### Task brief
When a line in the entries below contains the word "assumes", copy that line.

### Data records
···

lemma distr_pair_snd: "distr (M1 \<Otimes>\<^sub>M M2) M2 snd = M2"
proof (rule measure_eqI)
  fix A
  assume A: "A \<in> sets (distr (M1 \<Otimes>\<^sub>M M2) M2 snd)"
  then have "emeasure (distr (M1 \<Otimes>\<^sub>M M2) M2 snd) A = emeasure (M1 \<Otimes>\<^sub>M M2) (space M1 \<times> A)"
    by (auto simp: emeasure_distr space_pair_measure dest: sets.sets_into_space
        intro!: arg_cong2[where f = emeasure])
  with A show "emeasure (distr (M1 \<Otimes>\<^sub>M M2) M2 snd) A = emeasure M2 A"
    by (simp add: M2.emeasure_pair_measure_Times M1.emeasure_space_1)
qed simp

lemma integrable_comp_fst:
  fixes f :: "'a \<Rightarrow> real"
  assumes "integrable M1 f"
  shows "integrable (M1 \<Otimes>\<^sub>M M2) (\<lambda>\<omega>. f (fst \<omega>))"
  using assms by (simp add: M2.distr_pair_fst flip: integrable_distr_eq[OF measurable_fst])

lemma integrable_comp_snd:
  fixes f :: "'b \<Rightarrow> real"
  assumes "integrable M2 f"
  shows "integrable (M1 \<Otimes>\<^sub>M M2) (\<lambda>\<omega>. f (snd \<omega>))"
  using assms by (simp add: distr_pair_snd flip: integrable_distr_eq[OF measurable_snd])

lemma measure_Times:
  assumes "A \<in> sets M1" "B \<in> sets M2"
  shows "measure (M1 \<Otimes>\<^sub>M M2) (A \<times> B) = measure M1 A * measure M2 B"
  using assms by (simp add: measure_def M2.emeasure_pair_measure_Times enn2real_mult)

end

lemma of_nat_alpha_real:
  assumes "finite M" "M \<noteq> {}"
  shows "real (alpha_real H M \<zeta>) = (MAX x\<in>M. real (H \<zeta> x))"
  using assms unfolding alpha_real_def
  by (subst mono_Max_commute[where f = real]) (auto simp: mono_def image_image)

locale geometric_hash = K: prob_space K for K :: "'k measure" +
  fixes H :: "'k \<Rightarrow> 'x \<Rightarrow> nat" and p :: real
  assumes p: "0 < p" "p < 1"
    and indep_hash: "K.indep_vars (\<lambda>_. count_space UNIV) (\<lambda>x \<zeta>. H \<zeta> x) UNIV"
    and distr_hash: "\<And>x. distr K (count_space UNIV) (\<lambda>\<zeta>. H \<zeta> x) = measure_pmf (geom1_pmf p)"
begin

lemma measurable_hash [measurable]: "(\<lambda>\<zeta>. H \<zeta> x) \<in> K \<rightarrow>\<^sub>M count_space UNIV"
  using indep_hash unfolding K.indep_vars_def2 by auto

lemma prob_hash_atMost: "K.prob {\<zeta>\<in>space K. H \<zeta> x \<le> m} = 1 - (1 - p) ^ m"
proof -
  have "K.prob {\<zeta>\<in>space K. H \<zeta> x \<le> m} = measure (distr K (count_space UNIV) (\<lambda>\<zeta>. H \<zeta> x)) {..m}"
    by (subst measure_distr) (auto simp: vimage_def Int_def conj_commute)
  then show ?thesis
    using prob_geom1_pmf_atMost[of p m] p by (simp add: distr_hash)
qed

lemma integrable_hash_power2: "integrable K (\<lambda>\<zeta>. real (H \<zeta> x) ^ 2)"
proof -
  have "integrable (distr K (count_space UNIV) (\<lambda>\<zeta>. H \<zeta> x)) (\<lambda>k. real k ^ 2)"
    using integrable_geom1_pmf_power2[of p] p by (simp add: distr_hash)
  then show ?thesis
    by (subst (asm) integrable_distr_eq) auto
qed

lemma borel_measurable_alpha_real [measurable]:
  assumes "finite M"
  shows "(\<lambda>\<zeta>. real (alpha_real H M \<zeta>)) \<in> borel_measurable K"
proof (cases "M = {}")
  case False
  then show ?thesis
    using assms by (simp add: of_nat_alpha_real)
qed (simp add: alpha_real_def)

lemma integrable_alpha_real_power2:
  assumes "finite M"
  shows "integrable K (\<lambda>\<zeta>. real (alpha_real H M \<zeta>) ^ 2)"
proof (cases "M = {}")
  case False
  then show ?thesis
    unfolding alpha_real_def using assms integrable_hash_power2
    by (intro integrable_Max_power2[where f = "\<lambda>x \<zeta>. H \<zeta> x"]) auto
qed (simp add: alpha_real_def)

lemma prob_alpha_real_atMost:
  assumes "finite M" "M \<noteq> {}"
  shows "K.prob {\<zeta>\<in>space K. alpha_real H M \<zeta> \<le> m} = (1 - (1 - p) ^ m) ^ card M"
proof -
  have "{\<zeta>\<in>space K. alpha_real H M \<zeta> \<le> m} = (\<Inter>x\<in>M. (\<lambda>\<zeta>. H \<zeta> x) -` {..m} \<inter> space K)"
    using assms by (auto simp: alpha_real_def)
  also have "K.prob \<dots> = (\<Prod>x\<in>M. K.prob ((\<lambda>\<zeta>. H \<zeta> x) -` {..m} \<inter> space K))"
    using assms by (intro K.indep_varsD[OF indep_hash]) auto
  also have "\<dots> = (\<Prod>x\<in>M. 1 - (1 - p) ^ m)"
    using prob_hash_atMost by (simp add: vimage_def Int_def conj_commute)
  finally show ?thesis
    by simp
qed

end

···

### Exercise result
  assumes "integrable M1 f"
  assumes "integrable M2 f"
  assumes "A \<in> sets M1" "B \<in> sets M2"
  assumes "finite M" "M \<noteq> {}"
  assumes p: "0 < p" "p < 1"
  assumes "finite M"
  assumes "finite M"
  assumes "finite M" "M \<noteq> {}"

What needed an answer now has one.